This master thesis describes an example of applying machine learning methods on data model built from the most frequent sequences of events, occurring in log data of identity management system, connected with log data of DHCP server and access control system of medium sized Slovenian enterprise, with a goal of predicting employees’ performance for behavioral competence enthusiasm. Features were represented as a number of occurrences of different frequent sequence patterns for each user in multinomial and TF-IDF data format. Sequences with most discriminatory power based on class label, were extracted with Χ2 test and with Χ2 test with Bonferroni correction on all data.
The first and the second chapter present a concept of digital identity, identity management systems and main motivations for predicting users’ behavior with machine learning methods based on identity management systems.
The third chapter presents a concepts of machine learning, classification models training, feature generation process, and metrics for evaluation of classification models quality.

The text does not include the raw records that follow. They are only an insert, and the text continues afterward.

(* Let ${\mathcal O}$ be a non-even nilpotent orbit with Jordan type ${\bf d}=[d_1,\dots,d_k]$ in a classical simple Lie algebra, and let $\Theta_1$ be the set of simple roots of weight $1$ in its weighted Dynkin diagram. If ${\mathcal O}$ is in one of the cases (i) $\mathfrak{sl}_n$; (ii) $\mathfrak{so}_{2n+1}$ (resp. $\mathfrak{sp}_{2n}$) with an odd (resp. even) $q\ge0$ such that $d_1,\dots,d_q$ are odd and $d_{q+1},\dots,d_k$ even; (iii-a) $\mathfrak{so}_{2n}$ with an even $q\ge4$ such that $d_1,\dots,d_q$ are odd and the rest even — then $|\Theta_1|$ is even. If ${\mathcal O}\subset\mathfrak{so}_{2n}$ has exactly two odd parts, at positions $2t-1,2t$ ($t\ge1$), then: if $t=1$, $\alpha_n\in\Theta_1$ and $|\Theta_1|$ is odd; if $k=2t\ge4$, $|\Theta_1|$ is even and $\alpha_{n-1},\alpha_n\in\Theta_1$; if $k>2t\ge4$, $|\Theta_1|$ is even.
   Context: Parts satisfy $d_1\ge\dots\ge d_k$. Weighted Dynkin diagram: for an $\mathfrak{sl}_2$-triple $(x,y,h)$, $x\in{\mathcal O}$, $h$ in a fixed Cartan subalgebra and dominant, the simple root $\alpha$ gets weight $\alpha(h)\in\{0,1,2\}$; ${\mathcal O}$ is even if no weight equals $1$. Simple roots labelled as in Bourbaki ($\alpha_{n-1},\alpha_n$ the fork nodes in type $D_n$). *)

theory Defs
  imports Main
begin

text \<open>Nilpotent orbits in the classical simple Lie algebras are parametrised by
their Jordan types (partitions).  The weighted Dynkin diagram of the orbit is
computed from the partition by the standard recipe (Collingwood--McGovern):
the neutral element h of an sl2-triple acts with eigenvalues
d-1, d-3, ..., 1-d on each Jordan block of size d; listing all eigenvalues
in non-increasing order as h_1 >= h_2 >= ..., the dominant h has these
coordinates and the simple root weights are read off in Bourbaki labelling.\<close>

datatype ctype = TA | TB | TC | TD
  \<comment> \<open>TA: sl_N, TB: so_(2n+1), TC: sp_(2n), TD: so_(2n)\<close>

definition hvals :: "nat list \<Rightarrow> int list" where
  "hvals d = rev (sort (concat (map (\<lambda>m. map (\<lambda>j. int m - 1 - 2 * int j) [0..<m]) d)))"

definition hc :: "nat list \<Rightarrow> nat \<Rightarrow> int" where
  "hc d i = hvals d ! (i - 1)"   \<comment> \<open>1-indexed coordinate h_i\<close>

definition rank :: "ctype \<Rightarrow> nat list \<Rightarrow> nat" where
  "rank T d = (case T of
      TA \<Rightarrow> sum_list d - 1
    | TB \<Rightarrow> (sum_list d - 1) div 2
    | TC \<Rightarrow> sum_list d div 2
    | TD \<Rightarrow> sum_list d div 2)"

The chapter also presents use cases of application of machine learning methods on analysis of log data, with a goal of intrusion detection in information systems, and application of machine learning methods in the field of human resource management.
The fourth chapter describes process of data collection, preparation and data model building, and describes tools used in the thesis.
The fifth chapter describes procedures for users’ performance prediction with machine learning methods with comments on results.
The conclusion presents reasons for poor classification results and proposes other applications of analysis of identity management systems with machine learning methods.
|